## Problem statement
Copy the records below word for word. Stop after the line that contains "arbitrary positive f".

▽

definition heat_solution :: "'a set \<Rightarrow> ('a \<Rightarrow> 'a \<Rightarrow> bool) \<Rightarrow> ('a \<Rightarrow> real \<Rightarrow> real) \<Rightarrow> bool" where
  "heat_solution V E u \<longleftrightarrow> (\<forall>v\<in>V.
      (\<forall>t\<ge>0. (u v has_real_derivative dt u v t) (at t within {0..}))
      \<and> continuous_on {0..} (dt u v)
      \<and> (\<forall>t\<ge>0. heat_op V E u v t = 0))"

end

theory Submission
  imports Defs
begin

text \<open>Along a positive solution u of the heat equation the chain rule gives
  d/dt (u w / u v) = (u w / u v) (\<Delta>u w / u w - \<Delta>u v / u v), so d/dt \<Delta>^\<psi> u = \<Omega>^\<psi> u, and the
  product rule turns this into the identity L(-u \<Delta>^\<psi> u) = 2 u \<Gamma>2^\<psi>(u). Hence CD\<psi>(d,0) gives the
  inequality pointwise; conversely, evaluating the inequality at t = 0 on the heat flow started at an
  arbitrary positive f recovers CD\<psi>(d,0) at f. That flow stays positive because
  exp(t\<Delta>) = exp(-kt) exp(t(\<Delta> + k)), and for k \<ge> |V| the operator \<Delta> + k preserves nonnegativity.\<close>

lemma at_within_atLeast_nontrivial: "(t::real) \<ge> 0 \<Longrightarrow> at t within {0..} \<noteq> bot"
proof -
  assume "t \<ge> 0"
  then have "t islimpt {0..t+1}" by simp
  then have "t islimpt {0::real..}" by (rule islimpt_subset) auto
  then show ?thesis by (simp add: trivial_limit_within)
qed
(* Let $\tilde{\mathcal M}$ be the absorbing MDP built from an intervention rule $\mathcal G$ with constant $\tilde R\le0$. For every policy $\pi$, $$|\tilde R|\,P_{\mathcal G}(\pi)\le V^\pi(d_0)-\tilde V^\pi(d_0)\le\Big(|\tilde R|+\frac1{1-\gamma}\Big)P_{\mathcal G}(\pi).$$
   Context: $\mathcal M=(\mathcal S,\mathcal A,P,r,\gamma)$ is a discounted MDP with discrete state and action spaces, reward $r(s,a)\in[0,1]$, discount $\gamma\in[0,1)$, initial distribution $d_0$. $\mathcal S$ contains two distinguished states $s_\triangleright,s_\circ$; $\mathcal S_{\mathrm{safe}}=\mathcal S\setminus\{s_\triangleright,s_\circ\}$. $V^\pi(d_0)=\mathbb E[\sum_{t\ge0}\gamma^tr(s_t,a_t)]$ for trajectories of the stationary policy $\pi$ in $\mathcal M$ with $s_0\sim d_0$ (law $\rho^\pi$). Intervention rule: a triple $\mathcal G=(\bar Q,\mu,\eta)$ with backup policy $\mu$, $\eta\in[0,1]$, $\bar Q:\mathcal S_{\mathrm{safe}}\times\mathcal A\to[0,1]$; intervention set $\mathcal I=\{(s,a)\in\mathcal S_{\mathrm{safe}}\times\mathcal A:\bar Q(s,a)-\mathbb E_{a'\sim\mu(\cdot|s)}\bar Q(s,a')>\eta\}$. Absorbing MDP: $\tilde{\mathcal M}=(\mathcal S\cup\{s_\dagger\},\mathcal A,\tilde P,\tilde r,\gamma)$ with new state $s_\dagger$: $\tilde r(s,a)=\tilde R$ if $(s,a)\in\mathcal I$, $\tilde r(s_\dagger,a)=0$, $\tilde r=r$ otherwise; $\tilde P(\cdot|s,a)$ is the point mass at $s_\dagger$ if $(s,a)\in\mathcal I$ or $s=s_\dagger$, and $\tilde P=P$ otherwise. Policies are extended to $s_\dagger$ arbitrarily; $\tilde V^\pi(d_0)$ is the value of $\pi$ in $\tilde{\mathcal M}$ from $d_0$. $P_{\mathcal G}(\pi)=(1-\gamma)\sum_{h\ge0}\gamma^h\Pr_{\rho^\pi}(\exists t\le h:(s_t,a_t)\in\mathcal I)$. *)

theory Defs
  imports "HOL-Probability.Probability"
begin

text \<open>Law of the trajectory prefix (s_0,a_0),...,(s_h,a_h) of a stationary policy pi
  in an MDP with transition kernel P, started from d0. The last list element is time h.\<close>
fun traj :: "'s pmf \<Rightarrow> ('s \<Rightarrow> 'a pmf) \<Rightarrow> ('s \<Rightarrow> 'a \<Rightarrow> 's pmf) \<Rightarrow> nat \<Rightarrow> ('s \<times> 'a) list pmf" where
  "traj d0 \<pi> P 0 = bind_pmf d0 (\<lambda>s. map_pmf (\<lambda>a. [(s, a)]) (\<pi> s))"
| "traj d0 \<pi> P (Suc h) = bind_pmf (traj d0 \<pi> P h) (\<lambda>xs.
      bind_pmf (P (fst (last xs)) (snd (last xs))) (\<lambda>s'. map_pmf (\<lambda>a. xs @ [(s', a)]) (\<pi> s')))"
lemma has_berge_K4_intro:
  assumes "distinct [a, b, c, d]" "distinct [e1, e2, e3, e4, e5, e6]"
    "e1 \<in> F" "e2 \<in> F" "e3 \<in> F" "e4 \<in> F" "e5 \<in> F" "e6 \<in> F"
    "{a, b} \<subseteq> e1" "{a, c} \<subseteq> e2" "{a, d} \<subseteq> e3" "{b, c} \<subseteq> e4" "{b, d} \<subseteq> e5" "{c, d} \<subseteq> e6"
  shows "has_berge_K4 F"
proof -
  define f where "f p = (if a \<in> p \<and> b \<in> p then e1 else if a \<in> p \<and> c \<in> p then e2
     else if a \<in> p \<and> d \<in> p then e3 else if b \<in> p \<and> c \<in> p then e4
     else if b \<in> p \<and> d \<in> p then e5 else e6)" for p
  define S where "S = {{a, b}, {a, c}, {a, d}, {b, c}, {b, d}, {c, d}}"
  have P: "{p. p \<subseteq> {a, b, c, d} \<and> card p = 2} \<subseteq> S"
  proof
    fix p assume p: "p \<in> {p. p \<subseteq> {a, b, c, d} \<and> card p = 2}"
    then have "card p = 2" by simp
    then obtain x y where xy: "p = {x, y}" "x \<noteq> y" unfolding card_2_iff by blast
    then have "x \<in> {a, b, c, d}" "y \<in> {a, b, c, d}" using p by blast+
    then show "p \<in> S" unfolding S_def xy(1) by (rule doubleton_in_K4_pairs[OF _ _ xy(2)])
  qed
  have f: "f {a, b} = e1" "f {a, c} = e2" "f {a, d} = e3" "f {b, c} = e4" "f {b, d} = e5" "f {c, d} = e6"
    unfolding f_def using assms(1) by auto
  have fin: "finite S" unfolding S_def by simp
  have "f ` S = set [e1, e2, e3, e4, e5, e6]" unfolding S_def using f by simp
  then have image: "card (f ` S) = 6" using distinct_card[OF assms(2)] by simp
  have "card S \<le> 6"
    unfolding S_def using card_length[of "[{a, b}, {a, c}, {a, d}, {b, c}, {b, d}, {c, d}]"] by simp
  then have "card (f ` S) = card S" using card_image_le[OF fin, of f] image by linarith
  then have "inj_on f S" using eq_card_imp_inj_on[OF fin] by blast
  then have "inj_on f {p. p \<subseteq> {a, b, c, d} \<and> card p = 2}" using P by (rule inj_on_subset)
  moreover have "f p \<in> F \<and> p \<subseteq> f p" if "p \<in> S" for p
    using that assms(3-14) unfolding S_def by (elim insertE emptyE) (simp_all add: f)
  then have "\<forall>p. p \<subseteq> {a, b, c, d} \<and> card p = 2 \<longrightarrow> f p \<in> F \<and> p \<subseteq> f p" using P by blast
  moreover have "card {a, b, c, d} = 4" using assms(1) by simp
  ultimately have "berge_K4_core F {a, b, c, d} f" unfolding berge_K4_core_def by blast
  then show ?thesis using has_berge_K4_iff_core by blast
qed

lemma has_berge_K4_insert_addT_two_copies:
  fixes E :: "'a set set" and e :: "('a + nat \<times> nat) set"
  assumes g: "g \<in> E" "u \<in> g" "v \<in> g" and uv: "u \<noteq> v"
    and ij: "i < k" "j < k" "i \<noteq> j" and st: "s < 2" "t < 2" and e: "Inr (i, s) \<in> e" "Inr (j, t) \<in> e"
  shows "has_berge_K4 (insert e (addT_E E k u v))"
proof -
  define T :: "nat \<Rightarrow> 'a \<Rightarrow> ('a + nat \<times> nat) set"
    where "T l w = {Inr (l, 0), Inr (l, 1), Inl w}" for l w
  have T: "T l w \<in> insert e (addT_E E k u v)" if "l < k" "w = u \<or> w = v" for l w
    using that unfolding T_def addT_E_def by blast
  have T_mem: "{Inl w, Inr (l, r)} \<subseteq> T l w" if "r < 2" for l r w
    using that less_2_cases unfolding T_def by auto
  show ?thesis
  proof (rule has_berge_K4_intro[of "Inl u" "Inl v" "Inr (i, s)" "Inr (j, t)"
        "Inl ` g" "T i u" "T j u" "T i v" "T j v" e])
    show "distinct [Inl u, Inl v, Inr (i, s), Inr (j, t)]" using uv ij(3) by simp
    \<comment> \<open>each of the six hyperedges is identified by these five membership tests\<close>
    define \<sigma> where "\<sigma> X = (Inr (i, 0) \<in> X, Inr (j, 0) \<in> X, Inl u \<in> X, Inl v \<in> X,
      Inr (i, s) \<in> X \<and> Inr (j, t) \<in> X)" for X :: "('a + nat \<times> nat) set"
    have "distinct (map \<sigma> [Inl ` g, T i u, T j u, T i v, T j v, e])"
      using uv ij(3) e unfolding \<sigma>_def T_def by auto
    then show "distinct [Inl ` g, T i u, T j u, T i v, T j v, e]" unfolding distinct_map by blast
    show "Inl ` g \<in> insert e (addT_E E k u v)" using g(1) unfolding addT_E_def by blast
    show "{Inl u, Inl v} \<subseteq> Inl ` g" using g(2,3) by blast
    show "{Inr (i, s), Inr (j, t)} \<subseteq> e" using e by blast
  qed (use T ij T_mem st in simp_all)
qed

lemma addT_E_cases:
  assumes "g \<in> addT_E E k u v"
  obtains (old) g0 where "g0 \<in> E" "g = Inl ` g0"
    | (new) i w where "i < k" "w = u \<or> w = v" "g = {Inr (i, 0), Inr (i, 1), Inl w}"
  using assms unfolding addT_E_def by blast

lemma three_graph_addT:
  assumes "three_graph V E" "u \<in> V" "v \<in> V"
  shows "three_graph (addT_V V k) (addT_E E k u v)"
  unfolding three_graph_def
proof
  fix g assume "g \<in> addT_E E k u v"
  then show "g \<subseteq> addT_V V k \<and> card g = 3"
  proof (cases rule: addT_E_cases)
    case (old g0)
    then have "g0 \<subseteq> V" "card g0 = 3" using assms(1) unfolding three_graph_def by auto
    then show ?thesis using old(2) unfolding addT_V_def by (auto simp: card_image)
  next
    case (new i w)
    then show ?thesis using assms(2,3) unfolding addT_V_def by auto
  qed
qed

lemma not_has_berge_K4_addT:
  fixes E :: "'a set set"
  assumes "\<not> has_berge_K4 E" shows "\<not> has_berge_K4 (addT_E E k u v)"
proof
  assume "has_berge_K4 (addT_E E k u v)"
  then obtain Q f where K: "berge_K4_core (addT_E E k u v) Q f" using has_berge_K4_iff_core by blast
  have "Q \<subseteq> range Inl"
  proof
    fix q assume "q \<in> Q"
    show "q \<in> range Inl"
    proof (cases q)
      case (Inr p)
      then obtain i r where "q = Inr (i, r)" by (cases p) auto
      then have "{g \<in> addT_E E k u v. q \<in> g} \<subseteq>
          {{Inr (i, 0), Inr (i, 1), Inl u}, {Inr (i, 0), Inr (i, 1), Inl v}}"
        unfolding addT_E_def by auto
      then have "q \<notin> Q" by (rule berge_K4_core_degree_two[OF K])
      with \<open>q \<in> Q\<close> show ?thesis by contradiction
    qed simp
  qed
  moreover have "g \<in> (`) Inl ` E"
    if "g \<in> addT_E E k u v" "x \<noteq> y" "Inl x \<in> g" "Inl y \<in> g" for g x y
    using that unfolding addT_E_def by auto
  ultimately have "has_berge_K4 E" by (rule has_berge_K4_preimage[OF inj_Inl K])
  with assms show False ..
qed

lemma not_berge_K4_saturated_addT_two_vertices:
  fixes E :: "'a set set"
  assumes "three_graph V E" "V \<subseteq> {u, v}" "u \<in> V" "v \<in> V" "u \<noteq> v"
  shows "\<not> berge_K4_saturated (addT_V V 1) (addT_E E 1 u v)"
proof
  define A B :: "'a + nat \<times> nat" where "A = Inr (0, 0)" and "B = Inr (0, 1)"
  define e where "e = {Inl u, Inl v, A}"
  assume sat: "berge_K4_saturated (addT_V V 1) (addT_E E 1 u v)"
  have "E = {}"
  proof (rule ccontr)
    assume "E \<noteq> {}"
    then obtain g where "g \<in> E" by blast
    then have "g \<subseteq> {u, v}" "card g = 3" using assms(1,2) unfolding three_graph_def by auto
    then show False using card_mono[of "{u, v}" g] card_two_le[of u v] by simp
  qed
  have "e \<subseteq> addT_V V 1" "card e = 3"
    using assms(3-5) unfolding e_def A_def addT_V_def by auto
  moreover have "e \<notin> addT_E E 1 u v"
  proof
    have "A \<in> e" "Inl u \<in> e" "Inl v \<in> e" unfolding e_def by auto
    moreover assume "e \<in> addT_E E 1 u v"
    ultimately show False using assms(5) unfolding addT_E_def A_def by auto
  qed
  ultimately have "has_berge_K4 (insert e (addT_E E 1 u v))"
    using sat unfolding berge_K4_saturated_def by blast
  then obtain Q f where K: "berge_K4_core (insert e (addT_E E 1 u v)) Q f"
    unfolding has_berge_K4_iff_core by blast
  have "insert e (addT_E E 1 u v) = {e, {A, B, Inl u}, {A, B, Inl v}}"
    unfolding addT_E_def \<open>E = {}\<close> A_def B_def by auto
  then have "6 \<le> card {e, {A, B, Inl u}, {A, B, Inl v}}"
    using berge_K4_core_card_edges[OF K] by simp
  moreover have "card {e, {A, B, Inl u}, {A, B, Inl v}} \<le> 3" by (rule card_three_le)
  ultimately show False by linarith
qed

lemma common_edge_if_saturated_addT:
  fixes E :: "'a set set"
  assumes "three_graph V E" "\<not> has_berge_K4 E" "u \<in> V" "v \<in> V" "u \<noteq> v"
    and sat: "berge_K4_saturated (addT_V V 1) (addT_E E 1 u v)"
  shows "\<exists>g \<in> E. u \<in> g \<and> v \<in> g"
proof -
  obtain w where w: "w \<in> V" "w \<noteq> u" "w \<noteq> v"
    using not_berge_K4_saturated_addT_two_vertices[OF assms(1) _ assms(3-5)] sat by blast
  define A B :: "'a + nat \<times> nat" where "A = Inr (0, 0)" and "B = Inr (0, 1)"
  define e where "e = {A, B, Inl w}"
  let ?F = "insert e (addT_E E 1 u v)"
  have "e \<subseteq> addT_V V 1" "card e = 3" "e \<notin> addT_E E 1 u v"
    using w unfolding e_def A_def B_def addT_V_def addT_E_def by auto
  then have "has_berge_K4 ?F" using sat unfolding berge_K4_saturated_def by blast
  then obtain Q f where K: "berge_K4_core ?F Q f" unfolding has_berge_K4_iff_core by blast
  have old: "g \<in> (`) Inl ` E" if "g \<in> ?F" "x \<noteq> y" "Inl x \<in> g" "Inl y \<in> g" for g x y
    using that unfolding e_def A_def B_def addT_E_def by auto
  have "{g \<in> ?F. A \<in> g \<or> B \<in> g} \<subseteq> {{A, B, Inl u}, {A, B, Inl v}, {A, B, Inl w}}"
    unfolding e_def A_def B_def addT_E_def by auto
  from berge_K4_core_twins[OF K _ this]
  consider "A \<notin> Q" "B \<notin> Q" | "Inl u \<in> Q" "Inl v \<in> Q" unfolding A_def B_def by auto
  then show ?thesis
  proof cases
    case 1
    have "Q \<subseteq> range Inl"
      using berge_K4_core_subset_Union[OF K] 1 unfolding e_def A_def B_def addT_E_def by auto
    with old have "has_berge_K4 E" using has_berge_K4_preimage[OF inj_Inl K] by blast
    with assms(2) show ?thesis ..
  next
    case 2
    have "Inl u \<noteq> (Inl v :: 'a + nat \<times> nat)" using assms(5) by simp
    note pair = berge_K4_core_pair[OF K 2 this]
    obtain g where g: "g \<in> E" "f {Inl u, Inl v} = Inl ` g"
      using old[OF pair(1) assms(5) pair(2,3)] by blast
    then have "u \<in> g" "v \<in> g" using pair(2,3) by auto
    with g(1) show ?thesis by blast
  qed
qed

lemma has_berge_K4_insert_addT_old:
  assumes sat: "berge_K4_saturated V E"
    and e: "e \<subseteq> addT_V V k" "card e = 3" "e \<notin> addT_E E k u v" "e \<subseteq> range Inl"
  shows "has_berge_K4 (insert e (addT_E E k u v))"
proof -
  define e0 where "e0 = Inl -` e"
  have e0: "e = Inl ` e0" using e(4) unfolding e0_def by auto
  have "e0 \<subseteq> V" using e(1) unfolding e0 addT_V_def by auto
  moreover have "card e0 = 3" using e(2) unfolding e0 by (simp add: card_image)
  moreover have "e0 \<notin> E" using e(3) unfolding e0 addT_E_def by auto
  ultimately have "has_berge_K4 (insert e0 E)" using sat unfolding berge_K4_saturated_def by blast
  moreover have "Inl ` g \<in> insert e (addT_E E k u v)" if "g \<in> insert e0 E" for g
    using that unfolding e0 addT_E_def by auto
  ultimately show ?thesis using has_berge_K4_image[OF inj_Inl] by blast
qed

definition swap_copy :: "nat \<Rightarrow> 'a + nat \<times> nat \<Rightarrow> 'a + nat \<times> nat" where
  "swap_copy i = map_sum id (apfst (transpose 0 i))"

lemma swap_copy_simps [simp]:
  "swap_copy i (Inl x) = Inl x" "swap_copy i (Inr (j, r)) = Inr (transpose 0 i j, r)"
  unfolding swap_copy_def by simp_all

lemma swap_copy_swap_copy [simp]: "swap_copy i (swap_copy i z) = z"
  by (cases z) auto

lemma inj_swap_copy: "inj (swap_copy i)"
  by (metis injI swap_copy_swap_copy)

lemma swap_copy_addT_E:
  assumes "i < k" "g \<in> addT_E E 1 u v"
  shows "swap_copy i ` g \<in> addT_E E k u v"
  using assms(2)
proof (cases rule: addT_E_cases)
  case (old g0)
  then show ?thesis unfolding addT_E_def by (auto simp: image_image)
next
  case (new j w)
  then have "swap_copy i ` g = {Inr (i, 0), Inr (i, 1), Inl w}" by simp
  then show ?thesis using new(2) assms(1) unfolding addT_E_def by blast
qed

△

## Task answer
definition heat_solution :: "'a set \<Rightarrow> ('a \<Rightarrow> 'a \<Rightarrow> bool) \<Rightarrow> ('a \<Rightarrow> real \<Rightarrow> real) \<Rightarrow> bool" where
  "heat_solution V E u \<longleftrightarrow> (\<forall>v\<in>V.
      (\<forall>t\<ge>0. (u v has_real_derivative dt u v t) (at t within {0..}))
      \<and> continuous_on {0..} (dt u v)
      \<and> (\<forall>t\<ge>0. heat_op V E u v t = 0))"

end

theory Submission
  imports Defs
begin

text \<open>Along a positive solution u of the heat equation the chain rule gives
  d/dt (u w / u v) = (u w / u v) (\<Delta>u w / u w - \<Delta>u v / u v), so d/dt \<Delta>^\<psi> u = \<Omega>^\<psi> u, and the
  product rule turns this into the identity L(-u \<Delta>^\<psi> u) = 2 u \<Gamma>2^\<psi>(u). Hence CD\<psi>(d,0) gives the
  inequality pointwise; conversely, evaluating the inequality at t = 0 on the heat flow started at an
  arbitrary positive f recovers CD\<psi>(d,0) at f. That flow stays positive because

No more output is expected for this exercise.